**How to complete this task**: Please write out, exactly as they appear, the line containing "(psigma n) (rev" and every line after it to the end of the records, and nothing more.

Content starts

(* Let $n\ge 1$. Every element of the inverse braid monoid of the sphere $IBr_n(S^2)$ can be written uniquely in the form $$(\sigma_{i_1}\sigma_{i_1-1}\cdots\sigma_1)(\sigma_{i_2}\cdots\sigma_2)\cdots(\sigma_{i_k}\cdots\sigma_k)\;\epsilon_{k+1,n}\,x\,\epsilon_{k+1,n}\;(\sigma_k\sigma_{k+1}\cdots\sigma_{j_k})\cdots(\sigma_1\sigma_2\cdots\sigma_{j_1}),$$ where $k\in\{0,\dots,n\}$, $0\le i_1<\dots<i_k\le n-1$, $0\le j_1<\dots<j_k\le n-1$, each block $\sigma_{i_r}\cdots\sigma_r$ (resp. $\sigma_r\cdots\sigma_{j_r}$) is the descending (resp. ascending) product of consecutive generators and is empty when $i_r=r-1$ (resp. $j_r=r-1$), and $x$ is an element of the sphere braid group $Br_k(S^2)$ on the first $k$ strings (a word in $\sigma_1^{\pm1},\dots,\sigma_{k-1}^{\pm1}$), with $k$, the indices and the element $x\in Br_k(S^2)$ uniquely determined; writing $x$ in the Gillette–Van Buskirk (Markov-type) normal form of $Br_k(S^2)$ gives a unique normal form word.
   Context: $IBr_n(S^2)$ is the monoid of partial braids on the sphere: isotopy classes of braids in $S^2\times[0,1]$ on $n$ base points from which some strings may be deleted; the product is concatenation followed by deletion of all strings that are not complete, and the product is written left to right. $\sigma_i$ ($1\le i\le n-1$) is the standard generator crossing strings $i$ and $i+1$, $\epsilon_i$ is the trivial braid with the $i$th string deleted, and $\epsilon_{k+1,n}=\epsilon_{k+1}\epsilon_{k+2}\cdots\epsilon_n$ is the trivial braid on the first $k$ strings with strings $k+1,\dots,n$ deleted ($\epsilon_{n+1,n}=1$). $Br_k(S^2)$ is the $k$-string braid group of the sphere. *)

theory Defs
  imports "HOL-Analysis.Analysis"
begin

text \<open>The sphere S^2 is the unit sphere in real^3.  A configuration of strings
indexed by a finite set A of labels is a map c :: nat => real^3 sending A
injectively into S^2 (and every label outside A to 0).  A partial braid with
string set A is a path in the configuration space of A starting at the base
configuration and ending at base points.  Isotopy classes of partial braids are
homotopy classes of such paths (rel endpoints) in the configuration space.\<close>

definition S2 :: "(real^3) set" where
  "S2 = sphere 0 1"

definition bp_angle :: "nat \<Rightarrow> real" where
  "bp_angle i = pi - pi / real i"

text \<open>Base points: the i-th base point lies on the equator at angle bp_angle i.
Labels 1,2,3,... are used; the base points are in this order along an arc of
the equator.\<close>
definition bp :: "nat \<Rightarrow> real^3" where
  "bp i = vector [cos (bp_angle i), sin (bp_angle i), 0]"

definition conf :: "nat set \<Rightarrow> (nat \<Rightarrow> real^3) set" where
  "conf A = {c. (\<forall>a\<in>A. c a \<in> S2) \<and> inj_on c A \<and> (\<forall>a. a \<notin> A \<longrightarrow> c a = 0)}"

definition base :: "nat set \<Rightarrow> nat \<Rightarrow> real^3" where
  "base A = (\<lambda>a. if a \<in> A then bp a else 0)"

definition pbraid_rep :: "nat set \<Rightarrow> (real \<Rightarrow> nat \<Rightarrow> real^3) \<Rightarrow> bool" where
  "pbraid_rep A \<gamma> \<longleftrightarrow> finite A \<and> path \<gamma> \<and> path_image \<gamma> \<subseteq> conf A \<and>
     pathstart \<gamma> = base A \<and> (\<forall>a\<in>A. pathfinish \<gamma> a \<in> range bp)"

definition pclass :: "(real \<Rightarrow> nat \<Rightarrow> real^3) \<Rightarrow> (real \<Rightarrow> nat \<Rightarrow> real^3) set" where
  "pclass \<gamma> = {\<delta>. \<exists>A. pbraid_rep A \<gamma> \<and> homotopic_paths (conf A) \<gamma> \<delta>}"

definition IBr :: "nat \<Rightarrow> (real \<Rightarrow> nat \<Rightarrow> real^3) set set" where
  "IBr n = {pclass \<gamma> | \<gamma> A. pbraid_rep A \<gamma> \<and> A \<subseteq> {1..n} \<and>
              (\<forall>a\<in>A. pathfinish \<gamma> a \<in> bp ` {1..n})}"

definition Br :: "nat \<Rightarrow> (real \<Rightarrow> nat \<Rightarrow> real^3) set set" where
  "Br k = {pclass \<gamma> | \<gamma>. pbraid_rep {1..k} \<gamma> \<and>
              (\<forall>a\<in>{1..k}. pathfinish \<gamma> a \<in> bp ` {1..k})}"

text \<open>Composition of representatives: follow gamma, keep only the strings that
end at a base point where a string of delta starts, and continue them along
delta.  The product is written left to right.\<close>
definition pcomp_dom :: "(real \<Rightarrow> nat \<Rightarrow> real^3) \<Rightarrow> (real \<Rightarrow> nat \<Rightarrow> real^3) \<Rightarrow> nat set" where
  "pcomp_dom \<gamma> \<delta> = {a. pathstart \<gamma> a \<noteq> 0 \<and>
      (\<exists>c. pathfinish \<gamma> a = bp c \<and> pathstart \<delta> c \<noteq> 0)}"

definition pcomp :: "(real \<Rightarrow> nat \<Rightarrow> real^3) \<Rightarrow> (real \<Rightarrow> nat \<Rightarrow> real^3) \<Rightarrow> real \<Rightarrow> nat \<Rightarrow> real^3" where
  "pcomp \<gamma> \<delta> =
     (\<lambda>t a. if a \<in> pcomp_dom \<gamma> \<delta> then \<gamma> t a else 0) +++
     (\<lambda>t a. if a \<in> pcomp_dom \<gamma> \<delta> then \<delta> t (inv bp (pathfinish \<gamma> a)) else 0)"

definition pmult :: "(real \<Rightarrow> nat \<Rightarrow> real^3) set \<Rightarrow> (real \<Rightarrow> nat \<Rightarrow> real^3) set \<Rightarrow> (real \<Rightarrow> nat \<Rightarrow> real^3) set"
  (infixl "\<cdot>\<^sub>p" 70) where
  "X \<cdot>\<^sub>p Y = \<Union>{pclass (pcomp \<gamma> \<delta>) | \<gamma> \<delta>. \<gamma> \<in> X \<and> \<delta> \<in> Y}"

definition pone :: "nat \<Rightarrow> (real \<Rightarrow> nat \<Rightarrow> real^3) set" where
  "pone n = pclass (\<lambda>t. base {1..n})"

definition peps :: "nat \<Rightarrow> nat \<Rightarrow> (real \<Rightarrow> nat \<Rightarrow> real^3) set" where
  "peps n i = pclass (\<lambda>t. base ({1..n} - {i}))"

text \<open>Rotation of the equatorial point at angle alpha by angle phi about the
axis through the equatorial point at angle m.\<close>
definition rot_eq :: "real \<Rightarrow> real \<Rightarrow> real \<Rightarrow> real^3" where
  "rot_eq m \<phi> \<alpha> = vector
     [cos (\<alpha> - m) * cos m - sin (\<alpha> - m) * cos \<phi> * sin m,
      cos (\<alpha> - m) * sin m + sin (\<alpha> - m) * cos \<phi> * cos m,
      sin (\<alpha> - m) * sin \<phi>]"

text \<open>sigma_i in IBr_n(S^2): strings i and i+1 exchange by a half twist (a
rotation by pi about the axis through the midpoint of the arc between them);
all other strings 1..n are constant.\<close>
definition psigma :: "nat \<Rightarrow> nat \<Rightarrow> (real \<Rightarrow> nat \<Rightarrow> real^3) set" where
  "psigma n i = pclass (\<lambda>t a.
      if a \<in> {i, i+1} then rot_eq ((bp_angle i + bp_angle (i+1)) / 2) (pi * t) (bp_angle a)
      else base {1..n} a)"

definition pprod :: "nat \<Rightarrow> (real \<Rightarrow> nat \<Rightarrow> real^3) set list \<Rightarrow> (real \<Rightarrow> nat \<Rightarrow> real^3) set" where
  "pprod n xs = foldl (\<cdot>\<^sub>p) (pone n) xs"

definition peps_range :: "nat \<Rightarrow> nat \<Rightarrow> (real \<Rightarrow> nat \<Rightarrow> real^3) set" where
  "peps_range n k = pprod n (map (peps n) [k+1..<n+1])"

definition desc_block :: "nat \<Rightarrow> nat \<Rightarrow> nat \<Rightarrow> (real \<Rightarrow> nat \<Rightarrow> real^3) set" where
  "desc_block n i r = pprod n (map (psigma n) (rev [r..<i+1]))"

definition asc_block :: "nat \<Rightarrow> nat \<Rightarrow> nat \<Rightarrow> (real \<Rightarrow> nat \<Rightarrow> real^3) set" where
  "asc_block n r j = pprod n (map (psigma n) [r..<j+1])"

text \<open>The normal form word: I = [i_1,...,i_k], J = [j_1,...,j_k].\<close>
definition normal_form ::
  "nat \<Rightarrow> nat \<Rightarrow> nat list \<Rightarrow> nat list \<Rightarrow> (real \<Rightarrow> nat \<Rightarrow> real^3) set \<Rightarrow> (real \<Rightarrow> nat \<Rightarrow> real^3) set" where
  "normal_form n k I J x =
     pprod n (map (\<lambda>r. desc_block n (I ! (r - 1)) r) [1..<k+1]) \<cdot>\<^sub>p
     peps_range n k \<cdot>\<^sub>p x \<cdot>\<^sub>p peps_range n k \<cdot>\<^sub>p
     pprod n (map (\<lambda>r. asc_block n r (J ! (r - 1))) (rev [1..<k+1]))"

Content ends

**Solution to this task**:
  "desc_block n i r = pprod n (map (psigma n) (rev [r..<i+1]))"

definition asc_block :: "nat \<Rightarrow> nat \<Rightarrow> nat \<Rightarrow> (real \<Rightarrow> nat \<Rightarrow> real^3) set" where
  "asc_block n r j = pprod n (map (psigma n) [r..<j+1])"

text \<open>The normal form word: I = [i_1,...,i_k], J = [j_1,...,j_k].\<close>
definition normal_form ::
  "nat \<Rightarrow> nat \<Rightarrow> nat list \<Rightarrow> nat list \<Rightarrow> (real \<Rightarrow> nat \<Rightarrow> real^3) set \<Rightarrow> (real \<Rightarrow> nat \<Rightarrow> real^3) set" where
  "normal_form n k I J x =
     pprod n (map (\<lambda>r. desc_block n (I ! (r - 1)) r) [1..<k+1]) \<cdot>\<^sub>p
     peps_range n k \<cdot>\<^sub>p x \<cdot>\<^sub>p peps_range n k \<cdot>\<^sub>p
     pprod n (map (\<lambda>r. asc_block n r (J ! (r - 1))) (rev [1..<k+1]))"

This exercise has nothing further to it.